BEIJING Chinese banks extended 794.6 billion yuan ($115.10 billion) in new yuan loans in November and look set to lend a record amount this year as Beijing boosts the economy to meet growth targets despite worries about the risks of prolonged debt-fueled stimulus.
Lending continued to be driven by consumer loans, primarily home mortgages, despite a series of measures rolled out by the authorities to cool surging home prices and avoid property bubbles.
Off-balance sheet lending also unexpectedly spiked in November, raising concerns of tighter liquidity if regulators crack down on the shadow banking sector, economist David Qu at ANZ said.

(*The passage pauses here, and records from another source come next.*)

(* For every complex $s$ with $\Re(s)>3$, \[\sum_{k=1}^\infty k\,\zeta(s,2k)=\tfrac{1}{8}\Big\{(1+2^{1-s})\zeta(s-1)+\zeta(s-2)-2^{1-s}\Big(\zeta\big(s-1,\tfrac12\big)+\tfrac12 \zeta\big(s,\tfrac12\big)\Big)\Big\}.\]
   Context: $\zeta(s,\alpha)=\sum_{n=0}^\infty (n+\alpha)^{-s}$ denotes the Hurwitz zeta function ($\Re(s)>1$, $\alpha>0$), and $\zeta(s)=\zeta(s,1)$ is the Riemann zeta function. *)

theory Defs
  imports "HOL-Analysis.Analysis"
begin

text \<open>Hurwitz zeta function, defined by its Dirichlet series
  (meaningful for Re s > 1 and a > 0):
  hurwitz_zeta s a = sum over n \<ge> 0 of (n + a) powr (-s).\<close>
definition hurwitz_zeta :: "complex \<Rightarrow> real \<Rightarrow> complex" where
  "hurwitz_zeta s a = (\<Sum>n. (complex_of_real (real n + a)) powr (- s))"

definition riemann_zeta :: "complex \<Rightarrow> complex" where
  "riemann_zeta s = hurwitz_zeta s 1"

end

theory Submission
  imports Defs
begin

text \<open>Expanding \<open>\<zeta>(s, 2k) = \<Sum>\<^sub>n (n + 2k)\<^sup>-\<^sup>s\<close> and exchanging the order of summation (the double
  series converges absolutely for \<open>Re s > 3\<close>) turns the left-hand side into \<open>\<Sum>\<^sub>m w(m) m\<^sup>-\<^sup>s\<close>, where
  \<open>w(m) = 1 + 2 + \<dots> + \<lfloor>m/2\<rfloor>\<close>. Since \<open>8 w(m)\<close> is \<open>m\<^sup>2 + 2m\<close> for even \<open>m\<close> and \<open>m\<^sup>2 - 1\<close> for odd \<open>m\<close>,
  this is \<open>(\<zeta>(s - 2) + 2 E(s - 1) - O(s)) / 8\<close>, where \<open>E(z) = 2\<^sup>-\<^sup>z \<zeta>(z)\<close> and \<open>O(z) = (1 - 2\<^sup>-\<^sup>z) \<zeta>(z)\<close>
  are the even and odd parts of the Dirichlet series of \<open>\<zeta>(z)\<close>. The right-hand side reduces to the
  same combination because \<open>\<zeta>(z, 1/2) = 2\<^sup>z O(z)\<close>.\<close>

lemma of_nat_powr_add_of_nat:
  "(of_nat m :: complex) powr (z + of_nat k) = of_nat m ^ k * of_nat m powr z"
  by (cases "m = 0") (simp_all add: powr_add powr_nat')

lemma of_real_double_powr:
  assumes "0 \<le> x"
  shows "complex_of_real (2 * x) powr z = 2 powr z * of_real x powr z"
  using assms by (simp add: powr_times_real_left)

lemma summable_norm_of_nat_powr:
  assumes "1 < Re z"
  shows "summable (\<lambda>m. norm ((of_nat m :: complex) powr - z))"
proof -
  have "norm ((of_nat m :: complex) powr - z) = real m powr - Re z" for m
    by (subst norm_powr_real_powr) auto
  with assms show ?thesis
    by (simp add: summable_real_powr_iff)
qed

lemma hurwitz_zeta_of_nat: "hurwitz_zeta z (real j) = (\<Sum>n. of_nat (n + j) powr - z)"
  unfolding hurwitz_zeta_def by simp

lemma sums_riemann_zeta:
  assumes "1 < Re z"
  shows "(\<lambda>m. of_nat m powr - z) sums riemann_zeta z"
proof -
  have "summable (\<lambda>m. (of_nat m :: complex) powr - z)"
    using summable_norm_of_nat_powr[OF assms] by (rule summable_norm_cancel)
  then have "summable (\<lambda>n. (of_nat (Suc n) :: complex) powr - z)"
    by (subst summable_Suc_iff)
  moreover have "riemann_zeta z = (\<Sum>n. of_nat (Suc n) powr - z)"
    using hurwitz_zeta_of_nat[of z 1] by (simp add: riemann_zeta_def)
  ultimately have "(\<lambda>n. of_nat (Suc n) powr - z) sums riemann_zeta z"
    using summable_sums by metis
  then show ?thesis
    by (subst (asm) sums_Suc_iff) simp
qed

lemma sums_riemann_zeta_even:
  assumes "1 < Re z"
  shows "(\<lambda>m. if even m then of_nat m powr - z else 0) sums (2 powr - z * riemann_zeta z)"
proof -
  have "(\<lambda>n. 2 powr - z * of_nat n powr - z) sums (2 powr - z * riemann_zeta z)"
    using sums_riemann_zeta[OF assms] by (rule sums_mult)
  moreover have "(of_nat (2 * n) :: complex) powr - z = 2 powr - z * of_nat n powr - z" for n
    using of_real_double_powr[of "real n" "- z"] by simp
  ultimately have "(\<lambda>n. of_nat (2 * n) powr - z) sums (2 powr - z * riemann_zeta z)"
    by simp
  moreover have "(\<lambda>n. (if even (2 * n) then of_nat (2 * n) powr - z else 0)) sums c \<longleftrightarrow>
      (\<lambda>m. if even m then of_nat m powr - z else 0) sums c" for c
    by (rule sums_mono_reindex) (auto simp: strict_mono_def)
  ultimately show ?thesis
    by simp
qed

lemma sums_riemann_zeta_odd:
  assumes "1 < Re z"
  shows "(\<lambda>m. if odd m then of_nat m powr - z else 0) sums ((1 - 2 powr - z) * riemann_zeta z)"
proof -
  have "(\<lambda>m. of_nat m powr - z - (if even m then of_nat m powr - z else 0)) sums
      (riemann_zeta z - 2 powr - z * riemann_zeta z)"
    using assms by (intro sums_diff sums_riemann_zeta sums_riemann_zeta_even)
  moreover have "(\<lambda>m. of_nat m powr - z - (if even m then of_nat m powr - z else 0)) =
      (\<lambda>m. if odd m then of_nat m powr - z else 0)"
    by auto
  ultimately show ?thesis
    by (simp add: algebra_simps)
qed

lemma hurwitz_zeta_half:
  assumes "1 < Re z"
  shows "hurwitz_zeta z (1/2) = (2 powr z - 1) * riemann_zeta z"
proof -
  have two_powr_inverse: "2 powr z * 2 powr - z = (1 :: complex)"
    by (simp flip: powr_add)
  have "(\<lambda>n. of_nat (2 * n + 1) powr - z) sums ((1 - 2 powr - z) * riemann_zeta z)"
  proof -
    have "(\<lambda>n. (if odd (2 * n + 1) then of_nat (2 * n + 1) powr - z else 0)) sums c \<longleftrightarrow>
        (\<lambda>m. if odd m then of_nat m powr - z else 0) sums c" for c
      by (rule sums_mono_reindex) (auto simp: strict_mono_def elim!: oddE)
    with sums_riemann_zeta_odd[OF assms] show ?thesis
      by simp
  qed
  then have "(\<lambda>n. 2 powr z * of_nat (2 * n + 1) powr - z) sums
      (2 powr z * ((1 - 2 powr - z) * riemann_zeta z))"
    by (rule sums_mult)
  moreover have "2 powr z * of_nat (2 * n + 1) powr - z = complex_of_real (real n + 1/2) powr - z" for n
  proof -
    have "(of_nat (2 * n + 1) :: complex) = of_real (2 * (real n + 1/2))"
      by (simp add: algebra_simps)
    moreover have "0 \<le> real n + 1/2"
      by simp
    ultimately have "(of_nat (2 * n + 1) :: complex) powr - z =
        2 powr - z * complex_of_real (real n + 1/2) powr - z"
      by (simp only: of_real_double_powr)
    with two_powr_inverse show ?thesis
      by (simp add: mult.assoc[symmetric])
  qed
  moreover have "2 powr z * ((1 - 2 powr - z) * riemann_zeta z) = (2 powr z - 1) * riemann_zeta z"
    by (simp only: mult.assoc[symmetric] right_diff_distrib two_powr_inverse mult_1_right)
  ultimately have "(\<lambda>n. complex_of_real (real n + 1/2) powr - z) sums ((2 powr z - 1) * riemann_zeta z)"
    by simp
  then show ?thesis
    unfolding hurwitz_zeta_def by (rule sums_unique[symmetric])
qed

lemma two_times_sum_Suc_lessThan: "2 * (\<Sum>k<n. Suc k) = n * Suc n"
  by (induction n) auto

lemma eight_times_sum_Suc_lessThan_half:
  "8 * (of_nat (\<Sum>k<m div 2. Suc k) :: 'a :: comm_ring_1) =
     of_nat m ^ 2 + (if even m then 2 * of_nat m else - 1)"
proof -
  have "8 * (of_nat (\<Sum>k<m div 2. Suc k) :: 'a) = 4 * of_nat (2 * (\<Sum>k<m div 2. Suc k))"
    by simp
  also have "\<dots> = 4 * of_nat (m div 2) * (of_nat (m div 2) + 1)"
    by (simp only: two_times_sum_Suc_lessThan) (simp add: algebra_simps)
  finally show ?thesis
    by (cases "even m") (auto elim!: evenE oddE simp: algebra_simps power2_eq_square)
qed

lemma sum_Suc_lessThan_half_le_square: "(\<Sum>k<m div 2. Suc k) \<le> m ^ 2"
proof -
  have "(\<Sum>k<m div 2. Suc k) \<le> (\<Sum>k<m div 2. m)"
    by (intro sum_mono) auto
  also have "\<dots> \<le> m ^ 2"
    by (simp add: power2_eq_square)
  finally show ?thesis .
qed

lemma has_sum_weighted_columns:
  fixes b :: "nat \<Rightarrow> 'a :: {banach, real_normed_div_algebra}"
  assumes summable: "summable (\<lambda>m. real m ^ 2 * norm (b m))"
  shows "((\<lambda>(m, k). of_nat (Suc k) * b m) has_sum (\<Sum>m. of_nat (\<Sum>k<m div 2. Suc k) * b m))
           (SIGMA m:UNIV. {..<m div 2})"
proof -
  define w :: "nat \<Rightarrow> 'a" where "w m = of_nat (\<Sum>k<m div 2. Suc k)" for m
  define g :: "nat \<times> nat \<Rightarrow> 'a" where "g = (\<lambda>(m, k). of_nat (Suc k) * b m)"
  have "norm (w m) \<le> real m ^ 2" for m
    using sum_Suc_lessThan_half_le_square[of m]
    unfolding w_def norm_of_nat of_nat_power[symmetric] of_nat_le_iff .
  then have "(\<lambda>m. norm (w m * b m)) summable_on UNIV"
    by (intro summable_nonneg_imp_summable_on summable_comparison_test'[OF summable])
       (auto simp: norm_mult mult_right_mono)
  then have "(\<lambda>x. norm (g x)) summable_on (SIGMA m:UNIV. {..<m div 2})"
  proof (rule summable_on_SigmaI[rotated])
    fix m :: nat
    have "(\<Sum>k<m div 2. norm (g (m, k))) = (\<Sum>k<m div 2. real (Suc k)) * norm (b m)"
      by (simp add: g_def norm_mult sum_distrib_right del: of_nat_Suc)
    also have "\<dots> = norm (w m * b m)"
      unfolding w_def norm_mult norm_of_nat by simp
    finally show "((\<lambda>k. norm (g (m, k))) has_sum norm (w m * b m)) {..<m div 2}"
      by (metis finite_lessThan has_sum_finite)
  qed simp
  then obtain T where T: "(g has_sum T) (SIGMA m:UNIV. {..<m div 2})"
    using abs_summable_summable summable_on_def by blast
  then have "((\<lambda>m. w m * b m) has_sum T) UNIV"
  proof (rule has_sum_SigmaD[where f = g])
    fix m :: nat
    show "((\<lambda>k. g (m, k)) has_sum w m * b m) {..<m div 2}"
      using has_sum_finite[of "{..<m div 2}" "\<lambda>k. g (m, k)"]
      by (simp add: g_def w_def sum_distrib_right)
  qed
  then have "T = (\<Sum>m. w m * b m)"
    by (simp add: has_sum_imp_sums sums_unique)
  with T show ?thesis
    unfolding g_def w_def by simp
qed

text \<open>Fubini: the term \<open>b m\<close> occurs in the tail starting at \<open>2 * Suc k\<close> exactly when \<open>k < m div 2\<close>.\<close>
lemma sums_weighted_even_tails:
  fixes b :: "nat \<Rightarrow> 'a :: {banach, real_normed_div_algebra}"
  assumes summable: "summable (\<lambda>m. real m ^ 2 * norm (b m))"
  shows "(\<lambda>k. of_nat (Suc k) * (\<Sum>n. b (n + 2 * Suc k))) sums
           (\<Sum>m. of_nat (\<Sum>k<m div 2. Suc k) * b m)"
proof -
  define T where "T = (\<Sum>m. of_nat (\<Sum>k<m div 2. Suc k) * b m)"
  have grid: "((\<lambda>(k, n). of_nat (Suc k) * b (n + 2 * Suc k)) has_sum T) (UNIV \<times> UNIV)"
    using has_sum_weighted_columns[OF summable] unfolding T_def
    by (subst has_sum_reindex_bij_witness[where j = "\<lambda>(k, n). (n + 2 * Suc k, k)"
          and i = "\<lambda>(m, k). (k, m - 2 * Suc k)" and T = "SIGMA m:UNIV. {..<m div 2}"]) auto
  have "summable (\<lambda>m. norm (b m))"
  proof (rule summable_comparison_test'[OF summable, where N = 1])
    fix m :: nat
    assume "1 \<le> m"
    then have "1 \<le> real m ^ 2"
      by simp
    from mult_right_mono[OF this norm_ge_zero] show "norm (norm (b m)) \<le> real m ^ 2 * norm (b m)"
      by simp
  qed
  then have tail: "summable (\<lambda>n. norm (b (n + j)))" for j
    by (rule summable_ignore_initial_segment)
  have "((\<lambda>n. b (n + j)) has_sum (\<Sum>n. b (n + j))) UNIV" for j
    by (rule norm_summable_imp_has_sum[OF tail summable_sums[OF summable_norm_cancel[OF tail]]])
  then have rows: "((\<lambda>n. of_nat (Suc k) * b (n + 2 * Suc k)) has_sum
      of_nat (Suc k) * (\<Sum>n. b (n + 2 * Suc k))) UNIV" for k
    by (rule has_sum_cmult_right)
  have "((\<lambda>k. of_nat (Suc k) * (\<Sum>n. b (n + 2 * Suc k))) has_sum T) UNIV"
    by (rule has_sum_SigmaD[OF grid]) (simp only: case_prod_conv rows)
  then show ?thesis
    unfolding T_def by (rule has_sum_imp_sums)
qed

lemma sums_weighted_riemann_zeta:
  assumes "3 < Re s"
  shows "(\<lambda>m. of_nat (\<Sum>k<m div 2. Suc k) * of_nat m powr - s) sums
    ((riemann_zeta (s - 2) + 2 * (2 powr (1 - s) * riemann_zeta (s - 1))
       - (1 - 2 powr - s) * riemann_zeta s) / 8)"
proof -
  have termwise: "of_nat (\<Sum>k<m div 2. Suc k) * of_nat m powr - s =
      (of_nat m powr - (s - 2) + 2 * (if even m then of_nat m powr - (s - 1) else 0)
        - (if odd m then of_nat m powr - s else 0)) / 8" for m
  proof -
    define W :: complex where "W = of_nat (\<Sum>k<m div 2. Suc k)"
    have "W * of_nat m powr - s = (8 * W) * of_nat m powr - s / 8"
      by simp
    also have "\<dots> = (of_nat m ^ 2 + (if even m then 2 * of_nat m else - 1)) * of_nat m powr - s / 8"
      unfolding W_def eight_times_sum_Suc_lessThan_half ..
    also have "\<dots> = (of_nat m powr - (s - 2) + 2 * (if even m then of_nat m powr - (s - 1) else 0)
        - (if odd m then of_nat m powr - s else 0)) / 8"
      using of_nat_powr_add_of_nat[of m "- s" 2] of_nat_powr_add_of_nat[of m "- s" 1]
      by (cases "even m") (simp_all add: algebra_simps)
    finally show ?thesis
      unfolding W_def .
  qed
  have parts: "(\<lambda>m. (of_nat m powr - (s - 2) + 2 * (if even m then of_nat m powr - (s - 1) else 0)
        - (if odd m then of_nat m powr - s else 0)) / 8) sums
      ((riemann_zeta (s - 2) + 2 * (2 powr (1 - s) * riemann_zeta (s - 1))
       - (1 - 2 powr - s) * riemann_zeta s) / 8)"
  proof -
    have "(\<lambda>m. if even m then of_nat m powr - (s - 1) else 0) sums (2 powr (1 - s) * riemann_zeta (s - 1))"
      using sums_riemann_zeta_even[of "s - 1"] assms by simp
    with assms show ?thesis
      by (intro sums_divide sums_diff sums_add sums_mult sums_riemann_zeta sums_riemann_zeta_odd) simp_all
  qed
  show ?thesis
    unfolding termwise by (rule parts)
qed

theorem mainTheorem10:
  fixes s :: complex
  assumes "Re s > 3"
  shows "(\<lambda>k. of_nat (Suc k) * hurwitz_zeta s (2 * real (Suc k))) sums
    ((1/8) * ((1 + 2 powr (1 - s)) * riemann_zeta (s - 1) + riemann_zeta (s - 2)
      - 2 powr (1 - s) * (hurwitz_zeta (s - 1) (1/2) + (1/2) * hurwitz_zeta s (1/2))))"
proof -
  have "real m ^ 2 * norm ((of_nat m :: complex) powr - s) = norm (of_nat m powr - (s - 2))" for m
    using of_nat_powr_add_of_nat[of m "- s" 2] by (simp add: norm_mult norm_power)
  then have summable: "summable (\<lambda>m. real m ^ 2 * norm ((of_nat m :: complex) powr - s))"
    using summable_norm_of_nat_powr[of "s - 2"] assms by simp
  have tails: "hurwitz_zeta s (2 * real (Suc k)) = (\<Sum>n. of_nat (n + 2 * Suc k) powr - s)" for k
    using hurwitz_zeta_of_nat[of s "2 * Suc k"] by simp
  have "(\<lambda>k. of_nat (Suc k) * hurwitz_zeta s (2 * real (Suc k))) sums
      (\<Sum>m. of_nat (\<Sum>k<m div 2. Suc k) * of_nat m powr - s)"
    unfolding tails by (rule sums_weighted_even_tails[OF summable])
  also have "\<dots> = (riemann_zeta (s - 2) + 2 * (2 powr (1 - s) * riemann_zeta (s - 1))
       - (1 - 2 powr - s) * riemann_zeta s) / 8"
    using sums_weighted_riemann_zeta[OF assms] by (rule sums_unique[symmetric])
  also have "\<dots> = (1/8) * ((1 + 2 powr (1 - s)) * riemann_zeta (s - 1) + riemann_zeta (s - 2)
      - 2 powr (1 - s) * (hurwitz_zeta (s - 1) (1/2) + (1/2) * hurwitz_zeta s (1/2)))"
  proof -
    have powers: "2 powr (s - 1) = 2 powr s / (2 :: complex)" "2 powr (1 - s) = 2 / (2 powr s :: complex)"
      "2 powr - s = 1 / (2 powr s :: complex)"
      by (simp_all add: powr_diff powr_minus inverse_eq_divide)
    have "1 < Re (s - 1)" "1 < Re s"
      using assms by simp_all
    note halves = hurwitz_zeta_half[OF this(1)] hurwitz_zeta_half[OF this(2)]
    show ?thesis
      unfolding halves powers by (simp add: field_simps)
  qed
  finally show ?thesis .
qed

end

New bank loans rose to a record 11.6 trillion yuan in the first 11 months of the year, according to Reuters calculations based on central bank data, and have handily surpassed the levels of China's massive credit-led stimulus during the global financial crisis in 2009.
But analysts said the increase in November was partly seasonal, as outstanding yuan loan growth held steady at 13.1 percent by month-end on an annual basis, unchanged from October.
SUBDUED CORPORATE DEMAND
Corporate loan growth remained weak in November, increasing by only 165.6 billion yuan. That pointed to subdued credit demand from companies and a preference by banks to lend to households, as mortgages are usually considered higher quality assets, said Nomura economist Yang Zhao.
"With the property market cooling down, I would expect that loan growth faces downward pressure next year. I don't think there is a fundamental improvement in investment demand by corporates," said Yang.
Mid- to long-term loans to households rose to 569.2 billion yuan, or 71.2 percent of all loans, up from September's 66.5 percent, though analysts said it might take a few months to know how tighter restrictions will impact mortgages.
Analysts polled by Reuters had expected new lending to have risen to 720 billion yuan from October's 651.3 billion yuan.
Broad M2 money supply (M2) grew 11.4 percent from a year earlier, central bank data showed on Wednesday, slightly below forecasts.
Outstanding loans had been forecast to rise 13 percent, while money supply was seen up 11.5 percent.
SHADOW LENDING JUMPS
China's total social financing (TSF), a broad measure of credit and liquidity in the economy, hit the highest level since March on a big jump in shadow banking. TSF rose to 1.74 trillion yuan in November from 896.3 billion yuan in October, with about half of the increase coming from shadow lending.
"We infer from the regulatory crackdown on insurance companies that they are the latest front in the authorities' battle with credit flowing through the shadow banking system. We think the authorities are winning" ING's chief Asia economist Tim Condon wrote in a note.
The chairman of China's insurance regulator said on Tuesday that the country's insurers should not be short-term capital market "savages".
TSF includes off-balance sheet forms of financing that exist outside the conventional bank lending system, such as initial public offers, loans from trust companies and bond sales.
Trust loans increased by 162.5 billion yuan in November, the biggest increase in nearly two years, while undiscounted bankers' acceptances increased at the fastest pace since January.
"Today's surprising data will likely trigger some regulatory concerns. Shadow banking activities are expected to wane," ANZ's Qu wrote in a note.
China's central bank said recently that it will maintain ample liquidity in the economy while taking steps to prevent asset bubbles, adding that the balance between stabilizing growth and preventing bubbles has become more challenging.
The Chinese economy expanded at a steady 6.7 percent in the third quarter and looks set to hit Beijing's full-year target, fueled by stronger government spending, a red-hot property market and ample credit that are adding to its growing pile of debt.
China's overall debt has jumped to more than 250 percent of GDP from 150 percent at the end of 2006, the kind of surge that in other countries has resulted in a financial bust or sharp economic slowdown, analysts say.